International Patent Application Publication No. WO2004/067561 describes stable Aβ(1-42) oligomers (Aβ(1-42) globulomers) and antibodies directed specifically against the globulomers. Digestion with unspecific proteases shows that the Aβ globulomer may be digested beginning with the hydrophilic N-terminus protruding from the globular core structure (Barghorn et al., 2005, J Neurochem, 95, 834-847). Such N-terminal truncated Aβ globulomers (Aβ(12-42) and Aβ(20-42) globulomers) represent the basic structural unit of this oligomeric Aβ and are a very potent antigen for active immunization of rabbits and mice leading to high antibody titers (WO2004/067561). The putative pathological role of N-terminally truncated Aβ forms in vivo has been suggested by several recent reports of their existence in AD brains (Sergeant et al., 2003, J Neurochem, 85, 1581-1591; Thal et al., 1999, J. Neuropathol. Exp Neurol, 58, 210-216). During in vivo digestion, certain proteases found in brain, e.g. neprilysin (NEP 24.11) or insulin degrading enzyme (IDE), may be involved (Selkoe, 2001, Neuron, 32, 177-180).
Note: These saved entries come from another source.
text \<open>Not a simp rule: its right-hand side contains instances of its left-hand side.\<close>

theorem sem_singleton_iff_run_decomp: "h \<in> sem x [pk] \<longleftrightarrow> run_decomp x pk h"
proof (induction x arbitrary: pk h)
  case (Test a)
  show ?case using psem_subset[of a "[pk]"] unfolding run_decomp_def by auto
next
  case (Plus q r)
  show ?case using Plus.IH[of h pk] by (simp add: run_decomp_Plus)
next
  case (Seq q r)
  show ?case using run_decomp_Seq_of_sem[OF Seq.IH] sem_Seq_of_run_decomp[OF Seq.IH] by blast
next
  case (Star q)
  show ?case using run_decomp_Star_of_starF[OF Star.IH] sem_Star_of_run_decomp[OF Star.IH] by auto
qed (auto simp: run_decomp_def)

lemma D_label_in_labels: "(d, l, k) \<in> D x \<Longrightarrow> l \<in> set (labels x)"
  by (induction x arbitrary: d l k) auto

lemma D_exists_of_label: "l \<in> set (labels x) \<Longrightarrow> \<exists>d k. (d, l, k) \<in> D x"
proof (induction x)
  case (Seq q r)
  show ?case
  proof (cases "l \<in> set (labels q)")
    case True
    then obtain d k where "(d, l, k) \<in> D q" using Seq.IH(1) by blast
    then have "(d, l, Seq k r) \<in> D (Seq q r)" by simp
    then show ?thesis by blast
  next
    case False
    then obtain d k where "(d, l, k) \<in> D r" using Seq.IH(2) Seq.prems by auto
    then have "(Seq (E q) d, l, k) \<in> D (Seq q r)" by simp
    then show ?thesis by blast
  qed
next
  case (Star q)
  then obtain d k where "(d, l, k) \<in> D q" by auto
  then have "(Seq (Star (E q)) d, l, Seq k (Star q)) \<in> D (Star q)" by simp
  then show ?case by blast
qed auto

lemma D_cont_unique:
  "distinct (labels x) \<Longrightarrow> (d1, l, k1) \<in> D x \<Longrightarrow> (d2, l, k2) \<in> D x \<Longrightarrow> k1 = k2"
  by (induction x arbitrary: d1 k1 d2 k2) (auto dest: D_label_in_labels)

lemma D_of_D_cont:
  "(d, l, k) \<in> D x \<Longrightarrow> (d', l', k') \<in> D k \<Longrightarrow> \<exists>d''. (d'', l', k') \<in> D x"
proof (induction x arbitrary: d l k d' l' k')
  case (Plus q r)
  from Plus.prems(1) consider "(d, l, k) \<in> D q" | "(d, l, k) \<in> D r" by auto
  then show ?case
    by cases (use Plus.IH Plus.prems(2) in \<open>fastforce+\<close>)
next
  case (Seq q r)
  from Seq.prems(1) consider k0 where "(d, l, k0) \<in> D q" "k = Seq k0 r"
    | d0 where "(d0, l, k) \<in> D r" by auto
  then show ?case
  proof cases
    case (1 k0)
    from Seq.prems(2) 1(2) consider k1 where "(d', l', k1) \<in> D k0" "k' = Seq k1 r"
      | d1 where "(d1, l', k') \<in> D r" by auto
    then show ?thesis
    proof cases
      case (1 k1)
      then obtain d'' where "(d'', l', k1) \<in> D q" using Seq.IH(1) \<open>(d, l, k0) \<in> D q\<close> by blast
      with 1(2) show ?thesis by auto
    qed auto
  next
    case (2 d0)
    then obtain d'' where "(d'', l', k') \<in> D r" using Seq.IH(2) Seq.prems(2) by blast
    then show ?thesis by auto
  qed
next
  case (Star q)
  from Star.prems(1) obtain d0 k0 where k0: "(d0, l, k0) \<in> D q" "k = Seq k0 (Star q)" by auto
  from Star.prems(2) k0(2) consider k1 where "(d', l', k1) \<in> D k0" "k' = Seq k1 (Star q)"
    | d1 where "(d1, l', k') \<in> D (Star q)" by auto
  then show ?case
  proof cases
    case (1 k1)
    then obtain d'' where "(d'', l', k1) \<in> D q" using Star.IH k0(1) by blast
    with 1(2) show ?thesis by auto
  qed blast
qed auto
lemma passport_degree_Qpsi4_None:
  assumes s: "s^2 = 7"
  shows "passport_at (curveE s) (Qpsi4 s) None = {#2, 2, 3#}"
    "finite (fib (curveE s) (Qpsi4 s) None) \<and>
     (\<Sum>Q\<in>fib (curveE s) (Qpsi4 s) None. ram_index (curveE s) (Qpsi4 s) Q) = 7"
proof -
  define xi where "xi = (10 * s + 32) / 7"
  define yi where "yi = csqrt (cubic s xi)"
  have T: "pole_lin s xi = 0" by (simp add: xi_def pole_lin_def field_simps)
  have yi: "yi^2 = cubic s xi" "(- yi)^2 = cubic s xi" by (simp_all add: yi_def)
  then have "yi \<noteq> - yi" using nonzero_at_pole(2)[OF s T] by auto
  moreover have "ram_index (curveE s) (Qpsi4 s) None = 3"
    "ram_index (curveE s) (Qpsi4 s) (Some (xi, yi)) = 2"
    "ram_index (curveE s) (Qpsi4 s) (Some (xi, - yi)) = 2"
    using has_ram_index_Qpsi4_infinity[OF s] has_ram_index_Qpsi4_pole[OF s _ T] yi
    by (simp_all add: ram_index_eqI)
  ultimately show "passport_at (curveE s) (Qpsi4 s) None = {#2, 2, 3#}"
    "finite (fib (curveE s) (Qpsi4 s) None) \<and>
     (\<Sum>Q\<in>fib (curveE s) (Qpsi4 s) None. ram_index (curveE s) (Qpsi4 s) Q) = 7"
    unfolding passport_at_def fib_Qpsi4_None[OF s, folded xi_def yi_def] by auto
qed

lemma degree_Qpsi4:
  assumes s: "s^2 = 7"
  shows "finite (fib (curveE s) (Qpsi4 s) w) \<and>
         (\<Sum>Q\<in>fib (curveE s) (Qpsi4 s) w. ram_index (curveE s) (Qpsi4 s) Q) = 7"
proof (cases w)
  case (Some a)
  then show ?thesis using degree_Qpsi4_half[OF s] degree_Qpsi4_Some[OF s, of a] by (cases "a = 1/2") auto
qed (use passport_degree_Qpsi4_None(2)[OF s] in simp)

lemma passport_Qpsi4_zero_one:
  assumes s: "s^2 = 7" and a: "a = 0 \<or> a = 1"
  shows "passport_at (curveE s) (Qpsi4 s) (Some a) = {#4, 3#}"
proof -
  have a2: "a \<noteq> 1/2" "(2 * a - 1)^2 = 1" using a by auto
  define x1 x2 where "x1 = (4 * s + 29) / 9" and "x2 = 2 * s + 4"
  have roots: "{x. poly (fibre_poly s 1) x = 0} = {x1, x2}"
    by (auto simp: poly_fibre_poly_one x1_def x2_def)
  have "poly (fibre_poly s 1) x1 = 0" "poly (fibre_poly s 1) x2 = 0" using roots by auto
  then have "ram_index (curveE s) (Qpsi4 s) (Some (x1, fibre_y s a x1)) = 3"
    "ram_index (curveE s) (Qpsi4 s) (Some (x2, fibre_y s a x2)) = 4"
    using ram_index_Qpsi4_Some[OF s a2(1), unfolded a2(2)] order_fibre_poly_one[OF s, folded x1_def x2_def]
    by simp_all
  moreover have "x1 \<noteq> x2" using fibre_poly_one_roots_distinct[OF s] by (simp add: x1_def x2_def)
  ultimately show ?thesis
    unfolding passport_at_def fib_Qpsi4_Some[OF s a2(1)] a2(2) roots by auto
qed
In view of the above, there is a tremendous and immediate need for a treatment for Alzheimer's Disease which has few, if any, side effects (e.g., microhemmorhages). With such treatment, affected patients may be able to maintain a functional and active lifestyle for many years beyond that which is possible without such treatment. Thus, not only are there financial implications for such a treatment but “quality of life” implications as well, not only for the patients but also for their caregivers.
All patents and publications referred to herein are hereby incorporated in their entirety by reference.